Some years ago he engineered a cell chromosome with a second centromere that he could turn on and off. When the extra centromeres are activated during cell division, the spindle will sometimes latch on to two centromeres on the same copy of a chromosome, stretching it across the cell rather than separating it from its twin. Occasionally, the stretched chromosome snaps like a wishbone, with the DNA recoiling to one end of the dividing cell.

Bloom originally used the method to study how the cell responds to DNA breakage7. But he is now starting to look at the dynamics of the break itself, using a laser to snip the stretched chromosomes and measuring the rate at which they recoil. “This is now where it gets complicated, and I'm not an expert,” says Bloom. “We can see it stretch, we can see it recoil. How do I deduce force?” Elements of the worm-like-chain model predict his observations fairly well, he says, and with additional genetic manipulation, he can begin to look at how histones disassemble and reassemble in the stretched and recoiling DNA.

The moxie required to study DNA physics inside the cell itself elicits both admiration and scepticism. “I would say that it is really important to understand how these models work inside the cell,” says Bustamente. “But let's not forget that the best biophysics is always done outside the cell.” Hermann Gaub, a professor at Ludwig-Maximilians University in Munich, Germany, says he thinks observing systems that include some of the DNA's biological setting, but that stay away from the messiness of the cell proper are likely to be the most fruitful: approaches such as that of Marko, who pokes, prods and pulls the peculiarly large chromosomes of newts. “Doing it right inside the cell is what I would call heroic,” says Gaub. But he's nonetheless intrigued.

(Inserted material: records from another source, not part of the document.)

(* Let $n\ge 1$ be an integer, $K\in\mathbb Z$ and $\rho\in\mathbb C$. For $t\in\mathbb C$ and $j=0,1,2,\dots$ set $$\mu_j(t):=\oint_{|z|=R} z^{j}\,z^{K}\Big(1-\frac1z\Big)^{\rho}e^{t/z}\,dz ,\qquad \tau_n(t):=\det\big[\mu_{a+b-2}(t)\big]_{a,b=1}^{n},$$ where $R>1$ is arbitrary. Then $\tau_n(t)$ is a polynomial in $t$. Moreover, for every $t$ with $\tau_n(t)\neq 0$, let $Y_n(z;t)$ be the (unique) solution of the Riemann–Hilbert problem described in the context, and write $Y_n'(0;t)=\partial_z Y_n(z;t)|_{z=0}$. Then $$H_V:=-\tfrac12\,\mathrm{tr}\big(Y_n(0;t)^{-1}Y_n'(0;t)\,\sigma_3\big)+\frac{\rho}{2} =-\big(Y_n(0;t)^{-1}Y_n'(0;t)\big)_{11}+\frac{\rho}{2}=\frac{d}{dt}\ln\tau_n(t)+\frac{\rho}{2},$$ where $\sigma_3=\mathrm{diag}(1,-1)$.
   Context: Here $(1-1/z)^\rho$ is the principal branch, so that $e^{\theta(z)}:=z^{K}(1-1/z)^{\rho}e^{t/z}$ is analytic on $\mathbb C\setminus[0,1]$; the value of $\mu_j$ does not depend on $R>1$. The Riemann–Hilbert problem: find a $2\times2$ matrix function $Y_n(z)=Y_n(z;t)$ such that $Y_n$ and $Y_n^{-1}$ are holomorphic and bounded in $\mathbb C\setminus\gamma$, where $\gamma=\{|z|=R\}$ is oriented counterclockwise; the boundary values satisfy $Y_n(z_+)=Y_n(z_-)\begin{bmatrix}1&e^{\theta(z)}\\0&1\end{bmatrix}$ for $z\in\gamma$, where $z_+$ (resp. $z_-$) denotes the boundary value from the left (inside) (resp. right (outside)) of $\gamma$; and $Y_n(z)=\big(\mathbf 1+O(z^{-1})\big)z^{n\sigma_3}$ as $z\to\infty$. It is known (Fokas–Its–Kitaev) that this problem has a solution iff $\tau_n(t)\ne0$, in which case the solution is unique, satisfies $\det Y_n\equiv1$, and is analytic at $z=0$ (which lies inside $\gamma$). *)

theory Defs
  imports "HOL-Complex_Analysis.Complex_Analysis" "Jordan_Normal_Form.Determinant"
begin

definition weight :: "int \<Rightarrow> complex \<Rightarrow> complex \<Rightarrow> complex \<Rightarrow> complex" where
  "weight K \<rho> t z = z powi K * (1 - 1/z) powr \<rho> * exp (t / z)"

definition mu :: "int \<Rightarrow> complex \<Rightarrow> real \<Rightarrow> nat \<Rightarrow> complex \<Rightarrow> complex" where
  "mu K \<rho> R j t = contour_integral (circlepath 0 R) (\<lambda>z. z ^ j * weight K \<rho> t z)"

text \<open>Hankel determinant tau_n(t) = det [mu_(a+b-2)(t)]_(a,b=1..n) (0-based indices here).\<close>
definition tau :: "int \<Rightarrow> complex \<Rightarrow> real \<Rightarrow> nat \<Rightarrow> complex \<Rightarrow> complex" where
  "tau K \<rho> R n t = Determinant.det (mat n n (\<lambda>(a, b). mu K \<rho> R (a + b) t))"

definition jump_mat :: "int \<Rightarrow> complex \<Rightarrow> complex \<Rightarrow> complex \<Rightarrow> complex mat" where
  "jump_mat K \<rho> t z = mat 2 2 (\<lambda>(i, j). if i = j then 1 else if i = 0 \<and> j = 1 then weight K \<rho> t z else 0)"

definition zpow_sigma3 :: "nat \<Rightarrow> complex \<Rightarrow> complex mat" where
  "zpow_sigma3 n z = mat 2 2 (\<lambda>(i, j). if i = j then (if i = 0 then z ^ n else inverse z ^ n) else 0)"

definition sigma3 :: "complex mat" where
  "sigma3 = mat 2 2 (\<lambda>(i, j). if i = j then (if i = 0 then 1 else -1) else 0)"

definition mat_trace :: "complex mat \<Rightarrow> complex" where
  "mat_trace A = (\<Sum>i<dim_row A. A $$ (i, i))"

definition good_off_circle :: "real \<Rightarrow> (complex \<Rightarrow> complex) \<Rightarrow> bool" where
  "good_off_circle R f \<longleftrightarrow>
     f holomorphic_on ball 0 R \<and> f holomorphic_on (- cball 0 R) \<and>
     (\<forall>B. bounded B \<longrightarrow> bounded (f ` (B - sphere 0 R)))"

definition RHP_solution :: "int \<Rightarrow> complex \<Rightarrow> real \<Rightarrow> nat \<Rightarrow> complex \<Rightarrow> (complex \<Rightarrow> complex mat) \<Rightarrow> bool" where
  "RHP_solution K \<rho> R n t Y \<longleftrightarrow>
     (\<forall>z. Y z \<in> carrier_mat 2 2) \<and>
     (\<forall>i<2. \<forall>j<2. good_off_circle R (\<lambda>z. Y z $$ (i, j))) \<and>
     (\<exists>Yi. (\<forall>z. Yi z \<in> carrier_mat 2 2) \<and>
           (\<forall>z. norm z \<noteq> R \<longrightarrow> Y z * Yi z = 1\<^sub>m 2 \<and> Yi z * Y z = 1\<^sub>m 2) \<and>
           (\<forall>i<2. \<forall>j<2. good_off_circle R (\<lambda>z. Yi z $$ (i, j)))) \<and>
     (\<exists>Yp Ym. \<forall>z \<in> sphere 0 R.
        Yp z \<in> carrier_mat 2 2 \<and> Ym z \<in> carrier_mat 2 2 \<and>
        (\<forall>i<2. \<forall>j<2.
           ((\<lambda>w. Y w $$ (i, j)) \<longlongrightarrow> Yp z $$ (i, j)) (at z within ball 0 R) \<and>
           ((\<lambda>w. Y w $$ (i, j)) \<longlongrightarrow> Ym z $$ (i, j)) (at z within - cball 0 R)) \<and>
        Yp z = Ym z * jump_mat K \<rho> t z) \<and>
     (\<exists>C r. \<forall>z. norm z > r \<longrightarrow>
        (\<forall>i<2. \<forall>j<2.
           norm ((Y z * zpow_sigma3 n (inverse z)) $$ (i, j) - (if i = j then 1 else 0)) \<le> C / norm z))"

end

theory Submission
  imports Defs "Jordan_Normal_Form.Char_Poly"
begin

Resting state: paper clips and a touch of photoshopped DNA make their point in the palm of Kerry Bloom. Credit: B. NALLEY/S. WHITFIELD

Bloom admits that the work is preliminary. He says he's been boning up on polymer theory and is probing for potential collaborators — but he wants the data to show them first. “This is the stuff physics brings to the table,” he says. The packaging of all that DNA into the nucleus of cell, he continues, “is another one of these big mysteries”. A physical sense of how a hierarchy of folding patterns can pack DNA into the cell but also allow its sequences to be accessed remains far off. “By most estimations, it's packaged 10,000 fold,” says Bloom, and no one knows how. “That's the attraction.”

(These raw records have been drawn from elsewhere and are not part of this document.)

lemma euler_formula_even_step:
  assumes odd_IH: "\<And>j. j \<le> m \<Longrightarrow> a (2*j+1) = (-1/2)^j * e (2*j+1)"
    and even_IH: "\<And>j. j < m \<Longrightarrow> a (2*j+2) = (-1/2)^j * e (2*j+3) / 2"
  shows "a (2*m+2) = (-1/2)^m * e (2*m+3) / 2"
proof -
  define N where "N = 2*m+1"
  have pair: "a k * a (N - k) = - ((-1/2)^m * (e k * e (Suc N - k)))" if "odd k" "k < N" for k
  proof -
    obtain i where k: "k = 2*i+1"
      using \<open>odd k\<close> oddE by blast
    define j where "j = m - 1 - i"
    have "i \<le> m" "j < m" "N - k = 2*j+2" "Suc N - k = 2*j+3" "m = Suc (i + j)"
      using k that by (auto simp: j_def N_def)
    then show ?thesis
      using odd_IH[of i] even_IH[of j] k by (simp add: power_add)
  qed
  define S where "S = (\<Sum>k<N. of_nat (N choose k) * (if odd k then e k * e (Suc N - k) else 0))"
  have "a (Suc N) = a N - (\<Sum>k<N. of_nat (N choose k) * (if odd k then a k * a (N - k) else 0))"
    by (rule a_Suc)
  also have "(\<Sum>k<N. of_nat (N choose k) * (if odd k then a k * a (N - k) else 0)) = - ((-1/2)^m * S)"
    unfolding S_def sum_distrib_left sum_negf[symmetric]
    by (intro sum.cong refl) (auto simp: pair)
  finally have a_even: "a (2*m+2) = (-1/2)^m * (e N + S)"
    using odd_IH[of m] by (simp add: N_def algebra_simps)
  have "e (2*m+3) = e (Suc (Suc N))"
    by (simp add: N_def numeral_3_eq_3)
  also have "\<dots> = (\<Sum>k\<le>Suc N. of_nat (Suc N choose k) * (if odd k then e k * e (Suc N - k) else 0))"
    by (rule e_Suc) simp
  also have "\<dots> = 2 * (\<Sum>k\<le>N. of_nat (N choose k) * (if odd k then e k * e (Suc N - k) else 0))"
    by (rule sum_binomial_Suc_symmetric) (auto simp: N_def Suc_diff_le)
  also have "\<dots> = 2 * (e N + S)"
    using e_1 by (simp add: S_def N_def lessThan_Suc_atMost[symmetric])
  finally show ?thesis
    using a_even by simp
qed

lemma recurrences_imp_euler_formula:
  "a (2*m+1) = (-1/2)^m * e (2*m+1) \<and> a (2*m+2) = (-1/2)^m * e (2*m+3) / 2"
proof (induction m rule: less_induct)
  case (less m)
  have odd_IH: "a (2*j+1) = (-1/2)^j * e (2*j+1)" and even_IH: "a (2*j+2) = (-1/2)^j * e (2*j+3) / 2"
    if "j < m" for j
    using less that by blast+
  have odd: "a (2*m+1) = (-1/2)^m * e (2*m+1)"
    using odd_IH even_IH by (rule euler_formula_odd_step)
  have "a (2*j+1) = (-1/2)^j * e (2*j+1)" if "j \<le> m" for j
    using that odd odd_IH by (cases "j = m") simp_all
  then have "a (2*m+2) = (-1/2)^m * e (2*m+3) / 2"
    using even_IH by (rule euler_formula_even_step)
  with odd show ?case ..
qed

end

theorem lemma3p4:
  fixes m :: nat
  shows "A (2*m+1) 0 (-1) = (-1)^m * real (euler_num (2*m+1)) / 2^m \<and>
         A (2*m+2) 0 (-1) = (-1)^m * real (euler_num (2*m+3)) / 2^(m+1)"
proof -
  have "A (2*m+1) 0 (-1) = (-1/2)^m * real (euler_num (2*m+1)) \<and>
        A (2*m+2) 0 (-1) = (-1/2)^m * real (euler_num (2*m+3)) / 2"
  proof (rule recurrences_imp_euler_formula)
    show "real (euler_num 1) = 1"
      using euler_num_1 by simp
  qed (simp_all add: A_0_Suc euler_num_Suc sum_negf)
  then show ?thesis
    unfolding power_divide by simp
qed

end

It's far from the only problem that physicists have their eyes on. “People are now able to do extremely quantitative and extremely reproducible and precise experiments on individual biomolecules,” says Marko, “and that's very attractive to physics people.” And there are many biomolecules to choose from. To biologists, a text such as Molecular Biology of the Cell by Bruce Alberts and his colleagues is a well-trodden rendition of that which is known. But to a physicist first approaching biomolecules, it's an Aladdin's cave of shiny and captivating phenomena. Nelson says he's drawn to the sensation when something in biology “makes you ask 'How the heck does that happen?' Physicists start reading Alberts' and they say that every three pages.”